The 0.3 deducted reflects the solar marketing that overstates real-world UK conditions, the premium price relative to the Coros Apex 4, and the daily life capability that trails the Apple Watch Ultra 3.
Once hands-on trail time has been logged, this review will update with real GPS comparisons, real battery numbers and real solar gain figures from UK conditions.
Buy Garmin Fenix 8 Solar on AmazonBuying guide
47mm vs 51mm: The 47mm is the right size for most wrists — large enough to be a proper navigation device, small enough to wear all day. The 51mm has longer battery (up to 92 hours GPS with solar on the 51mm vs the 47mm figures above) but is significantly larger. Unless battery runtime is a hard requirement, the 47mm is the more wearable option.
Solar MIP vs AMOLED: For hiking, buy the Solar. The AMOLED has a more vivid screen but battery life drops from 52 hours GPS to around 43 hours, and the MIP display is more readable in direct sunlight. If your walks are mainly day routes under 30km and you want the brighter screen at a lower price (~£750 vs ~£870), the AMOLED is a reasonable alternative.
Buy Garmin Fenix 8 AMOLED on AmazonGarmin Connect subscription: The Fenix 8's core features work without any subscription. Navigation, GPS tracking, topo maps, health monitoring — all on the device. Garmin Connect+ adds some AI analysis features and enhanced training plans but is not required for hiking use.
Band selection: The included silicone band is fine for trail use. For long hiking days, the UltraFit nylon band is more comfortable on the wrist during extended wear. The QuickFit system means swapping bands takes about ten seconds.
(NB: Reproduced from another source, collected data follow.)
(* Let $\lambda\in\hat U(N)$ be a signature and $q\in\mathbb{R}$. Then \[ m_{N,PP(q)}[\lambda]=\frac1N\sum_{i=1}^N\Big(\prod_{j\ne i}\frac{(\lambda_i-i)-(\lambda_j-j)-q}{(\lambda_i-i)-(\lambda_j-j)}\Big)\delta\Big(\frac{\lambda_i+N-i}{N}\Big) \] is a signed measure of total mass $1$, and for $q\in[-1,1]$ it is a probability measure.
   Context: A signature of length $N$ is a tuple $\lambda=(\lambda_1\ge\dots\ge\lambda_N)\in\mathbb{Z}^N$; $\hat U(N)$ is the set of such signatures. $\delta(x)$ denotes the Dirac measure at $x$. *)

theory Defs
  imports "HOL-Probability.Probability"
begin

text \<open>A signature of length N: a non-increasing integer tuple
  (lambda_1 >= ... >= lambda_N), encoded as a function on the indices 1..N.\<close>
definition signature :: "nat \<Rightarrow> (nat \<Rightarrow> int) \<Rightarrow> bool" where
  "signature N lam \<longleftrightarrow> (\<forall>i j. 1 \<le> i \<and> i \<le> j \<and> j \<le> N \<longrightarrow> lam j \<le> lam i)"

definition shifted :: "(nat \<Rightarrow> int) \<Rightarrow> nat \<Rightarrow> real" where
  "shifted lam i = real_of_int (lam i) - real i"

definition pp_weight :: "nat \<Rightarrow> real \<Rightarrow> (nat \<Rightarrow> int) \<Rightarrow> nat \<Rightarrow> real" where
  "pp_weight N q lam i =
     (\<Prod>j\<in>{1..N} - {i}. (shifted lam i - shifted lam j - q) / (shifted lam i - shifted lam j))"

definition pp_atom :: "nat \<Rightarrow> (nat \<Rightarrow> int) \<Rightarrow> nat \<Rightarrow> real" where
  "pp_atom N lam i = (real_of_int (lam i) + real N - real i) / real N"

definition m_PP :: "nat \<Rightarrow> real \<Rightarrow> (nat \<Rightarrow> int) \<Rightarrow> real set \<Rightarrow> real" where
  "m_PP N q lam A = (1 / real N) * (\<Sum>i=1..N. pp_weight N q lam i * indicator A (pp_atom N lam i))"

end

theory Submission
  imports Defs
begin

text \<open>The weights are the terms of the divided difference, over the nodes
  x_j = lambda_j - j, of the monic polynomial P(z) = prod_j (z - x_j - q): since
  P(x_i) = -q prod_(j ~= i) (x_i - x_j - q), that divided difference is -q times the
  total weight. On the other hand the divided difference of a monic polynomial of degree
  N over N nodes is the sum of the nodes minus the sum of the roots, which is -N q;
  hence the weights sum to N. For integer signatures the nodes are distinct integers, so
  |x_i - x_j| >= 1 and every factor is nonnegative once |q| <= 1.\<close>

definition divided_difference :: "('i \<Rightarrow> real) \<Rightarrow> 'i set \<Rightarrow> (real \<Rightarrow> real) \<Rightarrow> real" where
  "divided_difference x S f = (\<Sum>i\<in>S. f (x i) / (\<Prod>j\<in>S - {i}. x i - x j))"

lemma divided_difference_linear:
  "divided_difference x S (\<lambda>z. c * f z + d * g z) =
     c * divided_difference x S f + d * divided_difference x S g"
  unfolding divided_difference_def by (simp add: sum.distrib sum_distrib_left add_divide_distrib)

lemma divided_difference_mult_node_factor:
  assumes "finite S" "inj_on x S" "a \<in> S"
  shows "divided_difference x S (\<lambda>z. (z - x a) * f z) = divided_difference x (S - {a}) f"
proof -
  have "divided_difference x S (\<lambda>z. (z - x a) * f z) =
      (\<Sum>i\<in>S - {a}. (x i - x a) * f (x i) / (\<Prod>j\<in>S - {i}. x i - x j))"
    unfolding divided_difference_def using assms by (simp add: sum.remove)
  also have "\<dots> = (\<Sum>i\<in>S - {a}. f (x i) / (\<Prod>j\<in>S - {a} - {i}. x i - x j))"
  proof (rule sum.cong)
    fix i assume i: "i \<in> S - {a}"
    have "x i - x a \<noteq> 0" using i assms inj_onD[OF assms(2)] by force
    moreover have "(\<Prod>j\<in>S - {i}. x i - x j) = (x i - x a) * (\<Prod>j\<in>S - {i} - {a}. x i - x j)"
      using i assms by (subst prod.remove[of _ a]) auto
    moreover have "S - {i} - {a} = S - {a} - {i}" by blast
    ultimately show "(x i - x a) * f (x i) / (\<Prod>j\<in>S - {i}. x i - x j) =
        f (x i) / (\<Prod>j\<in>S - {a} - {i}. x i - x j)" by simp
  qed simp
  finally show ?thesis unfolding divided_difference_def .
qed

lemma divided_difference_const_one:
  assumes "finite S" "inj_on x S"
  shows "divided_difference x S (\<lambda>z. 1) = (if card S = 1 then 1 else 0)"
  using assms
proof (induction "card S" arbitrary: S rule: less_induct)
  case less
  show ?case
  proof (cases "card S \<le> 1")
    case True
    then have "S = {} \<or> (\<exists>a. S = {a})"
      using less.prems(1) card_1_singletonE by (cases "card S") auto
    then show ?thesis by (auto simp: divided_difference_def)
  next
    case False
    then obtain a b where ab: "a \<in> S" "b \<in> S" "a \<noteq> b"
      using card_le_Suc0_iff_eq[OF less.prems(1)] by auto
    have "x b - x a \<noteq> 0" using ab less.prems(2) inj_onD by fastforce
    have smaller: "card (S - {a}) < card S" "card (S - {b}) < card S"
      using card_Diff1_less[OF less.prems(1)] ab by auto
    have "divided_difference x (S - {a}) (\<lambda>z. 1) = divided_difference x (S - {b}) (\<lambda>z. 1)"
      using less.hyps[OF smaller(1) _ inj_on_diff] less.hyps[OF smaller(2) _ inj_on_diff]
        less.prems ab by simp
    moreover have "divided_difference x S (\<lambda>z. 1 * ((z - x a) * 1) + (-1) * ((z - x b) * 1)) =
        divided_difference x S (\<lambda>z. (x b - x a) * 1 + 0 * 1)"
      by (rule arg_cong[where f = "divided_difference x S"]) (auto simp: algebra_simps)
    ultimately have "(x b - x a) * divided_difference x S (\<lambda>z. 1) = 0"
      using divided_difference_mult_node_factor[OF less.prems ab(1), of "\<lambda>z. 1"]
        divided_difference_mult_node_factor[OF less.prems ab(2), of "\<lambda>z. 1"]
      by (simp only: divided_difference_linear)
    with \<open>x b - x a \<noteq> 0\<close> False show ?thesis by simp
  qed
qed

lemma divided_difference_monic:
  assumes "finite S" "inj_on x S" "k \<le> card S"
  shows "divided_difference x S (\<lambda>z. \<Prod>m<k. z - c m) =
    (if k + 1 < card S then 0 else if k + 1 = card S then 1
     else (\<Sum>i\<in>S. x i) - (\<Sum>m<k. c m))"
  using assms
proof (induction k arbitrary: S)
  case 0
  then have "S = {} \<or> card S \<ge> 1" by (auto simp: Suc_le_eq card_gt_0_iff)
  then show ?case using divided_difference_const_one[OF "0.prems"(1,2)]
    by (auto simp: divided_difference_def)
next
  case (Suc k)
  then obtain a where a: "a \<in> S" by fastforce
  have rest: "finite (S - {a})" "inj_on x (S - {a})" "k \<le> card (S - {a})"
    using Suc.prems a inj_on_diff by auto
  have card_rest: "card (S - {a}) = card S - 1" using a Suc.prems(1) by simp
  have "divided_difference x S (\<lambda>z. \<Prod>m<Suc k. z - c m) =
     divided_difference x S
       (\<lambda>z. 1 * ((z - x a) * (\<Prod>m<k. z - c m)) + (x a - c k) * (\<Prod>m<k. z - c m))"
    by (rule arg_cong[where f = "divided_difference x S"]) (simp add: algebra_simps)
  also have "\<dots> = divided_difference x (S - {a}) (\<lambda>z. \<Prod>m<k. z - c m) +
      (x a - c k) * divided_difference x S (\<lambda>z. \<Prod>m<k. z - c m)"
    by (simp only: divided_difference_linear divided_difference_mult_node_factor[OF Suc.prems(1,2) a])
  also have "\<dots> = (if Suc k + 1 < card S then 0 else if Suc k + 1 = card S then 1
      else (\<Sum>i\<in>S. x i) - (\<Sum>m<Suc k. c m))"
  proof -
    have split_sum: "(\<Sum>i\<in>S. x i) = x a + (\<Sum>i\<in>S - {a}. x i)"
      using sum.remove[OF Suc.prems(1) a] .
    consider "Suc k + 1 < card S" | "Suc k + 1 = card S" | "Suc k = card S"
      using Suc.prems(3) by linarith
    then show ?thesis
    proof cases
      case 1
      then show ?thesis using Suc.IH[OF rest] Suc.IH[OF Suc.prems(1,2)] card_rest by simp
    next
      case 2
      then show ?thesis using Suc.IH[OF rest] Suc.IH[OF Suc.prems(1,2)] card_rest by simp
    next
      case 3
      then have "divided_difference x (S - {a}) (\<lambda>z. \<Prod>m<k. z - c m) =
          (\<Sum>i\<in>S - {a}. x i) - (\<Sum>m<k. c m)"
        and "divided_difference x S (\<lambda>z. \<Prod>m<k. z - c m) = 1"
        using Suc.IH[OF rest] Suc.IH[OF Suc.prems(1,2)] card_rest by auto
      then show ?thesis using 3[symmetric] split_sum by simp
    qed
  qed
  finally show ?case .
qed

lemma sum_prod_shifted_ratios:
  fixes x :: "'i \<Rightarrow> real"
  assumes "finite S" "inj_on x S"
  shows "(\<Sum>i\<in>S. \<Prod>j\<in>S - {i}. (x i - x j - q) / (x i - x j)) = real (card S)"
proof (cases "q = 0")
  case True
  have "(\<Prod>j\<in>S - {i}. (x i - x j - q) / (x i - x j)) = 1" if "i \<in> S" for i
    using that assms(2) True by (intro prod.neutral) (auto dest: inj_onD)
  then show ?thesis by simp
next
  case False
  obtain e where e: "bij_betw e {..<card S} S"
    using assms(1) bij_betw_from_nat_into_finite by blast
  define c where "c m = x (e m) + q" for m
  have roots: "(\<Prod>m<card S. z - c m) = (\<Prod>j\<in>S. z - x j - q)" for z
    unfolding c_def using prod.reindex_bij_betw[OF e, of "\<lambda>j. z - x j - q"] by (simp add: algebra_simps)
  have root_sum: "(\<Sum>m<card S. c m) = (\<Sum>j\<in>S. x j) + real (card S) * q"
    unfolding c_def using sum.reindex_bij_betw[OF e, of x] by (simp add: sum.distrib)
  have "divided_difference x S (\<lambda>z. \<Prod>m<card S. z - c m) = - (real (card S) * q)"
    using divided_difference_monic[OF assms, of "card S" c] root_sum by simp
  moreover have "divided_difference x S (\<lambda>z. \<Prod>m<card S. z - c m) =
      - q * (\<Sum>i\<in>S. \<Prod>j\<in>S - {i}. (x i - x j - q) / (x i - x j))"
    unfolding divided_difference_def roots sum_distrib_left
  proof (rule sum.cong)
    fix i assume "i \<in> S"
    then have "(\<Prod>j\<in>S. x i - x j - q) = - q * (\<Prod>j\<in>S - {i}. x i - x j - q)"
      using assms(1) by (subst prod.remove[of _ i]) auto
    then show "(\<Prod>j\<in>S. x i - x j - q) / (\<Prod>j\<in>S - {i}. x i - x j) =
        - q * (\<Prod>j\<in>S - {i}. (x i - x j - q) / (x i - x j))"
      by (simp add: prod_dividef)
  qed simp
  ultimately show ?thesis using False by simp
qed

lemma prob_space_point_masses:
  fixes w :: "'i \<Rightarrow> real" and p :: "'i \<Rightarrow> 'a"
  assumes "\<And>i. i \<in> I \<Longrightarrow> 0 \<le> w i" and "(\<Sum>i\<in>I. w i) = 1"
  shows "prob_space (measure_of UNIV UNIV (\<lambda>A. ennreal (\<Sum>i\<in>I. w i * indicator A (p i))))"
proof -
  let ?\<mu> = "\<lambda>A. ennreal (\<Sum>i\<in>I. w i * indicator A (p i))"
  have \<mu>: "?\<mu> A = (\<Sum>i\<in>I. ennreal (w i) * indicator A (p i))" for A
  proof -
    have "?\<mu> A = (\<Sum>i\<in>I. ennreal (w i * indicator A (p i)))"
      using assms(1) by (intro sum_ennreal[symmetric]) auto
    also have "\<dots> = (\<Sum>i\<in>I. ennreal (w i) * indicator A (p i))"
      by (intro sum.cong) (auto simp: indicator_def)
    finally show ?thesis .
  qed
  have "countably_additive UNIV ?\<mu>"
  proof (rule countably_additiveI)
    fix A :: "nat \<Rightarrow> 'a set" assume "disjoint_family A"
    then show "(\<Sum>n. ?\<mu> (A n)) = ?\<mu> (\<Union>n. A n)"
      unfolding \<mu> by (subst suminf_sum[OF summableI])
        (simp add: suminf_indicator)
  qed
  moreover have "positive UNIV ?\<mu>" by (simp add: positive_def)
  moreover have "sigma_algebra (UNIV :: 'a set) UNIV"
    using sigma_algebra_Pow[of "UNIV :: 'a set"] by simp
  ultimately show ?thesis
    using assms(2) by (intro prob_spaceI) (simp add: space_measure_of_conv emeasure_measure_of_sigma)
qed

lemma signature_shifted_gap:
  assumes "signature N lam" "i \<in> {1..N}" "j \<in> {1..N}" "i \<noteq> j"
  shows "\<bar>shifted lam i - shifted lam j\<bar> \<ge> 1"
proof -
  have "\<bar>(lam i - int i) - (lam j - int j)\<bar> \<ge> 1"
  proof (cases "i < j")
    case True
    then have "lam j \<le> lam i" using assms unfolding signature_def by auto
    with True show ?thesis by linarith
  next
    case False
    then have "lam i \<le> lam j" using assms unfolding signature_def by auto
    with False assms(4) show ?thesis by linarith
  qed
  then have "\<bar>real_of_int ((lam i - int i) - (lam j - int j))\<bar> \<ge> 1"
    by (metis of_int_1 of_int_abs of_int_le_iff)
  then show ?thesis unfolding shifted_def by simp
qed

lemma inj_on_shifted:
  assumes "signature N lam"
  shows "inj_on (shifted lam) {1..N}"
proof (rule inj_onI, rule ccontr)
  fix i j assume "i \<in> {1..N}" "j \<in> {1..N}" "shifted lam i = shifted lam j" "i \<noteq> j"
  then show False using signature_shifted_gap[OF assms, of i j] by simp
qed

lemma sum_pp_weight:
  assumes "signature N lam"
  shows "(\<Sum>i=1..N. pp_weight N q lam i) = real N"
  unfolding pp_weight_def using sum_prod_shifted_ratios[OF _ inj_on_shifted[OF assms]] by simp

lemma pp_weight_nonneg:
  assumes "signature N lam" "q \<in> {-1..1}" "i \<in> {1..N}"
  shows "0 \<le> pp_weight N q lam i"
  unfolding pp_weight_def
proof (rule prod_nonneg)
  fix j assume "j \<in> {1..N} - {i}"
  then have gap: "\<bar>shifted lam i - shifted lam j\<bar> \<ge> 1"
    using signature_shifted_gap[OF assms(1,3)] by blast
  show "0 \<le> (shifted lam i - shifted lam j - q) / (shifted lam i - shifted lam j)"
    using assms(2) gap by (cases "shifted lam i - shifted lam j > 0")
      (auto intro: divide_nonneg_pos divide_nonpos_neg)
qed

theorem mainTheorem3:
  fixes N :: nat and lam :: "nat \<Rightarrow> int" and q :: real
  assumes "N \<ge> 1" and "signature N lam"
  shows "m_PP N q lam UNIV = 1 \<and>
         (q \<in> {-1..1} \<longrightarrow>
           (\<forall>A. 0 \<le> m_PP N q lam A) \<and>
           prob_space (measure_of UNIV UNIV (\<lambda>A. ennreal (m_PP N q lam A))))"
proof (intro conjI impI)
  define w where "w i = pp_weight N q lam i / real N" for i
  have m_PP_eq: "m_PP N q lam A = (\<Sum>i=1..N. w i * indicator A (pp_atom N lam i))" for A
    unfolding m_PP_def w_def sum_distrib_left by simp
  have total: "(\<Sum>i=1..N. w i) = 1"
    unfolding w_def using sum_pp_weight[OF assms(2)] assms(1) by (simp add: sum_divide_distrib[symmetric])
  then show "m_PP N q lam UNIV = 1" unfolding m_PP_eq by simp
  assume "q \<in> {-1..1}"
  then have w_nonneg: "i \<in> {1..N} \<Longrightarrow> 0 \<le> w i" for i
    unfolding w_def using pp_weight_nonneg[OF assms(2)] by simp
  then show "\<forall>A. 0 \<le> m_PP N q lam A" unfolding m_PP_eq by (auto intro!: sum_nonneg)
  show "prob_space (measure_of UNIV UNIV (\<lambda>A. ennreal (m_PP N q lam A)))"
    unfolding m_PP_eq using prob_space_point_masses[OF w_nonneg total] by simp
qed

end
(* Let $n\ge1$, $m\in\mathbb Z_+^n$, and let $c_\alpha\in\mathbb C$ for $0\le\alpha\le m$ with $c_m\ne0$ (and $c_\alpha=0$ otherwise). Let $X_0=\{\tau\in\mathbb Z^n:\tau\ge0,\ \tau\not\ge m\}$, $\varphi:X_0\to\mathbb C$, and let $f:\mathbb Z_+^n\to\mathbb C$ be the solution of $\sum_{0\le\alpha\le m}c_\alpha f(x+\alpha)=0$ ($x\in\mathbb Z_+^n$), $f=\varphi$ on $X_0$. Assume the generating function $F(z)=\sum_{x\ge0}f(x)/z^{x+I}$ converges in some neighborhood of infinity. Then $F(z)$ is a rational function if and only if the generating function of the initial data $\Phi(z)=\sum_{\tau\in X_0}\varphi(\tau)/z^{\tau+I}$ is a rational function.
   Context: $x\le y$ is componentwise; $\tau\not\ge m$ means $\tau_k<m_k$ for some $k$; $I=(1,\dots,1)$; $z^x=\prod z_k^{x_k}$. The condition $c_m\ne0$ expresses that $m$ belongs to the set of shifts occurring in the equation; under it the Cauchy problem has a unique solution. *)

theory Defs
  imports "HOL-Analysis.Analysis"
begin

text \<open>Multi-indices are functions 'n => nat over a finite index type 'n (so n = CARD('n) >= 1);
points of C^n are functions 'n => complex.\<close>

definition mpow :: "('n::finite \<Rightarrow> complex) \<Rightarrow> ('n \<Rightarrow> nat) \<Rightarrow> complex" where
  "mpow z x = (\<Prod>k\<in>UNIV. z k ^ x k)"

definition is_mpoly :: "(('n::finite \<Rightarrow> nat) \<Rightarrow> complex) \<Rightarrow> bool" where
  "is_mpoly a \<longleftrightarrow> finite {\<beta>. a \<beta> \<noteq> 0}"

definition mpoly_eval :: "(('n::finite \<Rightarrow> nat) \<Rightarrow> complex) \<Rightarrow> ('n \<Rightarrow> complex) \<Rightarrow> complex" where
  "mpoly_eval a z = (\<Sum>\<beta>\<in>{\<beta>. a \<beta> \<noteq> 0}. a \<beta> * mpow z \<beta>)"

definition rational_on :: "('n::finite \<Rightarrow> complex) set \<Rightarrow> (('n \<Rightarrow> complex) \<Rightarrow> complex) \<Rightarrow> bool" where
  "rational_on U G \<longleftrightarrow> (\<exists>P Q. is_mpoly P \<and> is_mpoly Q \<and> Q \<noteq> (\<lambda>_. 0) \<and>
      (\<forall>z\<in>U. mpoly_eval Q z \<noteq> 0 \<longrightarrow> G z = mpoly_eval P z / mpoly_eval Q z))"

definition nbhd_inf :: "real \<Rightarrow> ('n::finite \<Rightarrow> complex) set" where
  "nbhd_inf R = {z. \<forall>k. R < norm (z k)}"

end
lemma trig_poly_approx_on_interval:
  assumes g: "continuous_on UNIV g" and B: "\<And>x. \<bar>g x\<bar> \<le> B" and "R > 0" "\<delta> > 0"
  obtains L where "\<And>x. \<bar>x\<bar> \<le> R \<Longrightarrow> \<bar>g x - trig_poly L x\<bar> < \<delta>"
    and "\<And>x. \<bar>trig_poly L x\<bar> \<le> B + \<delta>"
proof -
  \<comment> \<open>On \<open>[-R, R]\<close> the map \<open>x \<mapsto> sin (\<pi> x / (2 R))\<close> is inverted by \<open>u \<mapsto> 2 R / \<pi> * arcsin u\<close>,
    so a polynomial approximation of \<open>\<psi>\<close> on \<open>[-1, 1]\<close> yields a trigonometric one of \<open>g\<close>.\<close>
  define \<psi> where "\<psi> u = g (2 * R / pi * arcsin u)" for u
  have "continuous_on {-1..1} \<psi>"
    unfolding \<psi>_def
    by (intro continuous_on_compose2[OF g] continuous_intros continuous_on_arcsin') auto
  then obtain p where p: "polynomial_function p" "\<forall>u\<in>{-1..1}. norm (\<psi> u - p u) < \<delta>"
    using Stone_Weierstrass_polynomial_function[of "{-1..1::real}" \<psi> \<delta>] \<open>\<delta> > 0\<close> by auto
  obtain L where L: "\<And>x. p (sin (pi / (2 * R) * x)) = trig_poly L x"
    using trig_poly_of_polynomial_sin[of p "pi / (2 * R)"] p(1) real_polynomial_function_eq by blast
  have close: "\<bar>\<psi> (sin (pi / (2 * R) * x)) - trig_poly L x\<bar> < \<delta>" for x
    using p(2)[rule_format, of "sin (pi / (2 * R) * x)"] L[of x] by simp
  show ?thesis
  proof
    fix x :: real
    assume "\<bar>x\<bar> \<le> R"
    then have "pi / (2 * R) * \<bar>x\<bar> \<le> pi / (2 * R) * R"
      using \<open>R > 0\<close> by (intro mult_left_mono) auto
    then have "\<bar>pi / (2 * R) * x\<bar> \<le> pi / 2"
      using \<open>R > 0\<close> by (simp add: abs_mult)
    then have "- (pi / 2) \<le> pi / (2 * R) * x" "pi / (2 * R) * x \<le> pi / 2"
      using abs_le_D1 abs_le_D2 by fastforce+
    then have "arcsin (sin (pi / (2 * R) * x)) = pi / (2 * R) * x"
      by (rule arcsin_sin)
    then have "\<psi> (sin (pi / (2 * R) * x)) = g x"
      unfolding \<psi>_def using \<open>R > 0\<close> by simp
    then show "\<bar>g x - trig_poly L x\<bar> < \<delta>"
      using close[of x] by simp
  next
    fix x :: real
    have "\<bar>\<psi> (sin (pi / (2 * R) * x))\<bar> \<le> B"
      unfolding \<psi>_def by (rule B)
    then show "\<bar>trig_poly L x\<bar> \<le> B + \<delta>"
      using close[of x] by linarith
  qed
qed

lemma trig_poly_sq_approx_off_tail:
  assumes g: "continuous_on UNIV g" and B: "\<And>x. \<bar>g x\<bar> \<le> B" and "R > 0" "\<delta> > 0" "\<delta> \<le> 1"
  obtains L where "\<And>x. (g x - trig_poly L x)\<^sup>2 \<le> \<delta>\<^sup>2 + (2 * B + 1)\<^sup>2 * indicator {x. R < \<bar>x\<bar>} x"
proof -
  obtain L where L: "\<And>x. \<bar>x\<bar> \<le> R \<Longrightarrow> \<bar>g x - trig_poly L x\<bar> < \<delta>" "\<And>x. \<bar>trig_poly L x\<bar> \<le> B + \<delta>"
    using trig_poly_approx_on_interval[OF g B \<open>R > 0\<close> \<open>\<delta> > 0\<close>] by blast
  have "(g x - trig_poly L x)\<^sup>2 \<le> \<delta>\<^sup>2 + (2 * B + 1)\<^sup>2 * indicator {x. R < \<bar>x\<bar>} x" for x
  proof (cases "\<bar>x\<bar> \<le> R")
    case True
    then have "(g x - trig_poly L x)\<^sup>2 \<le> \<delta>\<^sup>2"
      using L(1) power_mono[OF less_imp_le abs_ge_zero, of _ \<delta> 2] by simp
    with True show ?thesis
      by simp
  next
    case False
    have "\<bar>g x - trig_poly L x\<bar> \<le> 2 * B + 1"
      using B[of x] L(2)[of x] \<open>\<delta> \<le> 1\<close> by linarith
    then have "(g x - trig_poly L x)\<^sup>2 \<le> (2 * B + 1)\<^sup>2"
      using power_mono[OF _ abs_ge_zero, of _ "2 * B + 1" 2] by simp
    with False show ?thesis
      by (simp add: add_increasing)
  qed
  then show ?thesis
    by (rule that)
qed

context real_distribution
begin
Navigation backup: The Fenix 8 Solar's topo maps are excellent, but no GPS device should be your only navigation tool. Carry an OS paper map for any serious route. For remote multi-day trips, the Garmin inReach satellite communicator adds two-way messaging and SOS capability — covered in the best hiking gadgets guide.
Colour options: Carbon Gray DLC Titanium is the most durable finish — the DLC coating adds scratch resistance. Slate Gray and Light Gold variants are titanium without the DLC coating. All are identical in function.